Task to complete:
Look through the material below and give the number of lines holding "times", with no other words.

Material shown:
lemma graph_iso_apex_clique:
  assumes "a \<in> A" "a' \<in> A"
  shows "graph_iso (A \<union> B) (apex_clique a A B) (apex_clique a' A B)"
proof (rule graph_iso_by_perm)
  show "bij (transpose a a')" by simp
  show "transpose a a' ` (A \<union> B) = A \<union> B" using assms by simp
  fix x y
  show "(transpose a a' x, transpose a a' y) \<in> apex_clique a' A B \<longleftrightarrow> (x, y) \<in> apex_clique a A B"
    using apex_clique_perm[OF inj_transpose, of a a' x y a A B] assms A_not_in_B by simp
qed

lemma graph_iso_apex_clique_swapped:
  "b \<in> B \<Longrightarrow> b' \<in> B \<Longrightarrow> graph_iso (A \<union> B) (apex_clique b B A) (apex_clique b' B A)"
  using bipartition.graph_iso_apex_clique[OF swap] by (simp add: Un_commute)

lemma graph_iso_double_star:
  assumes "a \<in> A" "a' \<in> A" "b \<in> B" "b' \<in> B"
  shows "graph_iso (A \<union> B) (double_star a A b B) (double_star a' A b' B)"
proof -
  obtain f where f: "bij f" "f ` A = A" "f ` B = B" "f a = a'" "f b = b'"
    using ex_perm_fixing_parts[OF assms] .
  show ?thesis
    using f double_star_perm[OF bij_is_inj[OF f(1)], of _ _ a A b B]
    by (intro graph_iso_by_perm[OF f(1)]) (simp_all add: image_Un)
qed

lemma graph_iso_complete_split_swap:
  assumes "card A = card B"
  shows "graph_iso (A \<union> B) (complete_split A B) (complete_split B A)"
proof -
  obtain a b where "a \<in> A" "b \<in> B" using A_nonempty B_nonempty by blast
  then obtain f where f: "bij f" "f ` A = B" "f ` B = A"
    using ex_perm_swapping_parts[OF assms] by metis
  show ?thesis
    using f complete_split_perm[OF bij_is_inj[OF f(1)], of _ _ A B]
    by (intro graph_iso_by_perm[OF f(1)]) (simp_all add: image_Un Un_commute)
qed

lemma graph_iso_complete_split_swap':
  "card A = card B \<Longrightarrow> graph_iso (A \<union> B) (complete_split B A) (complete_split A B)"
  using bipartition.graph_iso_complete_split_swap[OF swap] by (simp add: Un_commute)

lemma graph_iso_apex_clique_swap:
  assumes "card A = card B" "a \<in> A" "b \<in> B"
  shows "graph_iso (A \<union> B) (apex_clique a A B) (apex_clique b B A)"
proof -
  obtain f where f: "bij f" "f ` A = B" "f ` B = A" "f a = b"
    using ex_perm_swapping_parts[OF assms] .
  show ?thesis
    using f apex_clique_perm[OF bij_is_inj[OF f(1)], of _ _ a A B]
    by (intro graph_iso_by_perm[OF f(1)]) (simp_all add: image_Un Un_commute)
qed

lemma graph_iso_apex_clique_swap':
  "card A = card B \<Longrightarrow> a \<in> A \<Longrightarrow> b \<in> B \<Longrightarrow> graph_iso (A \<union> B) (apex_clique b B A) (apex_clique a A B)"
  using bipartition.graph_iso_apex_clique_swap[OF swap] by (simp add: Un_commute)

lemma graph_iso_iff_univ_leaf_counts:
  assumes "E \<in> bipartite_lc_orbit A B" "E' \<in> bipartite_lc_orbit A B"
  shows "graph_iso (A \<union> B) E E' \<longleftrightarrow> univ_leaf_counts (A \<union> B) E = univ_leaf_counts (A \<union> B) E'"
proof
  assume "graph_iso (A \<union> B) E E'"
  then show "univ_leaf_counts (A \<union> B) E = univ_leaf_counts (A \<union> B) E'"
    by (rule univ_leaf_counts_graph_iso[symmetric])
next
  assume "univ_leaf_counts (A \<union> B) E = univ_leaf_counts (A \<union> B) E'"
  with assms two_le_card_A two_le_card_B show "graph_iso (A \<union> B) E E'"
    by (elim bipartite_lc_orbit_cases)
      (auto simp: univ_leaf_counts_biclique univ_leaf_counts_complete_split
        univ_leaf_counts_complete_split_swapped univ_leaf_counts_apex_clique
        univ_leaf_counts_apex_clique_swapped univ_leaf_counts_double_star
        intro: graph_iso_refl graph_iso_apex_clique graph_iso_apex_clique_swapped
        graph_iso_double_star graph_iso_complete_split_swap graph_iso_complete_split_swap'
        graph_iso_apex_clique_swap graph_iso_apex_clique_swap')
qed

lemma univ_leaf_counts_image:
  "univ_leaf_counts (A \<union> B) ` bipartite_lc_orbit A B =
    {(0, 0), (card A, 0), (card B, 0), (1, card A - 1), (1, card B - 1), (0, card A + card B - 2)}"
proof -
  obtain a b where ab: "a \<in> A" "b \<in> B" using A_nonempty B_nonempty by blast
  have "univ_leaf_counts (A \<union> B) ` bipartite_lc_orbit A B =
      univ_leaf_counts (A \<union> B) ` {biclique A B, complete_split A B, complete_split B A}
      \<union> univ_leaf_counts (A \<union> B) ` (\<lambda>a. apex_clique a A B) ` A
      \<union> univ_leaf_counts (A \<union> B) ` (\<lambda>b. apex_clique b B A) ` B
      \<union> univ_leaf_counts (A \<union> B) ` (\<lambda>(a, b). double_star a A b B) ` (A \<times> B)"
    unfolding bipartite_lc_orbit_def by (simp only: image_Un)
  moreover have "univ_leaf_counts (A \<union> B) ` (\<lambda>a. apex_clique a A B) ` A = {(1, card A - 1)}"
    using ab by (force simp: univ_leaf_counts_apex_clique)
  moreover have "univ_leaf_counts (A \<union> B) ` (\<lambda>b. apex_clique b B A) ` B = {(1, card B - 1)}"
    using ab by (force simp: univ_leaf_counts_apex_clique_swapped)
  moreover have "univ_leaf_counts (A \<union> B) ` (\<lambda>(a, b). double_star a A b B) ` (A \<times> B)
      = {(0, card A + card B - 2)}"
    using ab by (force simp: univ_leaf_counts_double_star)
  ultimately show ?thesis
    by (simp add: univ_leaf_counts_biclique univ_leaf_counts_complete_split
        univ_leaf_counts_complete_split_swapped insert_commute)
qed

lemma num_iso_classes_lc_orbit_biclique:
  "num_iso_classes (A \<union> B) (lc_orbit (A \<union> B) (biclique A B)) = (if card A \<noteq> card B then 6 else 4)"
proof -
  have "num_iso_classes (A \<union> B) (lc_orbit (A \<union> B) (biclique A B))
      = card (univ_leaf_counts (A \<union> B) ` bipartite_lc_orbit A B)"
    unfolding lc_orbit_biclique[OF disjoint A_nonempty B_nonempty]
    by (rule num_iso_classes_eq_card_image) (rule graph_iso_iff_univ_leaf_counts)
  then show ?thesis
    using two_le_card_A two_le_card_B by (auto simp: univ_leaf_counts_image)
qed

Answer section:
2